Download or read book Antisemitic Elements in the Critique of Capitalism in German Culture, 1850-1933 written by Matthew Lange and published by Peter Lang. This book was released on 2007 with total page 356 pages. Available in PDF, EPUB and Kindle. Book excerpt: This volume examines selected works of German literature from Gustav Freytag to Joseph Goebbels in relation to ethical, socio-economic, and political texts from the economic «take off» period in the middle of the nineteenth century up to the rise of National Socialism and investigates two aspects of anti-Semitic anti-capitalistic representations contained therein. First it traces how the Jews gained the dubious distinction of being the inventors, even embodiment, of capitalism and elaborates on negative traits assigned to both of them. Second it examines how representations of specifically Jewish capitalists were instrumentalized both to discredit laissez faire and simultaneously to assist in the definition of a specifically «German» socio-economic ethos.

Ghetto Writing

Download Ghetto Writing PDF Online Free

Author :
Publisher : Camden House
ISBN 13 : 9781571130099
Total Pages : 246 pages
Book Rating : 4.1/5 (3 download)

DOWNLOAD NOW!


Book Synopsis Ghetto Writing by : Anne Fuchs

Download or read book Ghetto Writing written by Anne Fuchs and published by Camden House. This book was released on 1999 with total page 246 pages. Available in PDF, EPUB and Kindle. Book excerpt: This text contains fresh articles about a much neglected genre--fiction from and about the Jewish ghetto.

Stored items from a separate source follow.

lemma tendsto_null_comparison:
  assumes "\<forall>\<^sub>F x in F. norm (f x) \<le> g x" "(g \<longlongrightarrow> 0) F"
  shows "(f \<longlongrightarrow> 0) F"
proof -
  have "((\<lambda>x. norm (f x)) \<longlongrightarrow> 0) F"
    by (rule tendsto_sandwich[OF _ assms(1) tendsto_const assms(2)]) simp
  then show ?thesis by (simp only: tendsto_norm_zero_iff)
qed

lemma tendsto_expect_word_reorder:
  assumes unit: "\<forall>\<^sub>F N in sequentially. \<Omega> N \<in> carrier_vec (d N) \<and> vnorm (\<Omega> N) = 1"
    and ac: "\<forall>\<^sub>F N in sequentially. almost_commuting (d N) (A N) (B N) K (\<delta> N)"
    and \<delta>: "\<delta> \<longlonglongrightarrow> 0"
  shows "(\<lambda>N. expect (\<Omega> N) (word_mat (A N) (B N) (d N) ps)
      - expect (\<Omega> N) (A N ^\<^sub>m sum_list (map fst ps) * B N ^\<^sub>m sum_list (map snd ps))) \<longlonglongrightarrow> 0"
proof (rule tendsto_null_comparison)
  show "\<forall>\<^sub>F N in sequentially. norm (expect (\<Omega> N) (word_mat (A N) (B N) (d N) ps)
      - expect (\<Omega> N) (A N ^\<^sub>m sum_list (map fst ps) * B N ^\<^sub>m sum_list (map snd ps)))
      \<le> reorder_bound K ps * \<delta> N"
    using unit ac
  proof eventually_elim
    case (elim N)
    then interpret almost_commuting "d N" "A N" "B N" K "\<delta> N" by simp
    have "A N ^\<^sub>m sum_list (map fst ps) * B N ^\<^sub>m sum_list (map snd ps) \<in> carrier_mat (d N) (d N)"
      by (rule mult_carrier_mat[OF pow_carrier_mat[OF A_carrier] pow_carrier_mat[OF B_carrier]])
    then show ?case
      using cmod_expect_le[OF _ _ word_mat_reorder, of "\<Omega> N" ps] expect_diff[OF _ word_mat_carrier] elim
      by simp
  qed
  show "(\<lambda>N. reorder_bound K ps * \<delta> N) \<longlonglongrightarrow> 0"
    using tendsto_mult[OF tendsto_const[of "reorder_bound K ps"] \<delta>] by simp
qed

lemma tendsto_expect_mult_null:
  assumes unit: "\<forall>\<^sub>F N in sequentially. \<Omega> N \<in> carrier_vec (d N) \<and> vnorm (\<Omega> N) = 1"
    and M: "\<forall>\<^sub>F N in sequentially. op_norm_le (d N) (M N) K"
    and X: "\<forall>\<^sub>F N in sequentially. X N \<in> carrier_mat (d N) (d N)"
    and null: "(\<lambda>N. expect (\<Omega> N) (mat_adjoint (X N) * X N)) \<longlonglongrightarrow> 0"
  shows "(\<lambda>N. expect (\<Omega> N) (M N * X N)) \<longlonglongrightarrow> 0"
proof (rule tendsto_null_comparison)
  show "\<forall>\<^sub>F N in sequentially. norm (expect (\<Omega> N) (M N * X N)) \<le> K * vnorm (X N *\<^sub>v \<Omega> N)"
    using unit M X by eventually_elim (blast intro: cmod_expect_mult_le)
  have "\<forall>\<^sub>F N in sequentially.
      expect (\<Omega> N) (mat_adjoint (X N) * X N) = complex_of_real (vnorm (X N *\<^sub>v \<Omega> N) ^ 2)"
    using unit X by eventually_elim (blast intro: expect_adjoint_mult_self)
  then have "(\<lambda>N. complex_of_real (vnorm (X N *\<^sub>v \<Omega> N) ^ 2)) \<longlonglongrightarrow> of_real 0"
    using null tendsto_cong by force
  then have "(\<lambda>N. sqrt (vnorm (X N *\<^sub>v \<Omega> N) ^ 2)) \<longlonglongrightarrow> sqrt 0"
    unfolding tendsto_of_real_iff by (rule tendsto_real_sqrt)
  then have "(\<lambda>N. vnorm (X N *\<^sub>v \<Omega> N)) \<longlonglongrightarrow> 0"
    by simp
  then show "(\<lambda>N. K * vnorm (X N *\<^sub>v \<Omega> N)) \<longlonglongrightarrow> 0"
    using tendsto_mult[OF tendsto_const[of K]] by fastforce
qed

The Butcher's Tale: Murder and Anti-Semitism in a German Town

Download The Butcher's Tale: Murder and Anti-Semitism in a German Town PDF Online Free

Author :
Publisher : W. W. Norton & Company
ISBN 13 : 0393325059
Total Pages : 281 pages
Book Rating : 4.3/5 (933 download)

DOWNLOAD NOW!


Book Synopsis The Butcher's Tale: Murder and Anti-Semitism in a German Town by : Helmut Walser Smith

Download or read book The Butcher's Tale: Murder and Anti-Semitism in a German Town written by Helmut Walser Smith and published by W. W. Norton & Company. This book was released on 2003-10-28 with total page 281 pages. Available in PDF, EPUB and Kindle. Book excerpt: In 1900, in a small country town of the German Empire, a German boy is found murdered in a crime which resembles traditional blood libel accusation against the Jews. When the Jewish butcher is accused, the town explodes in an anti-Semitic fervour. Professor Smith pieces the story together.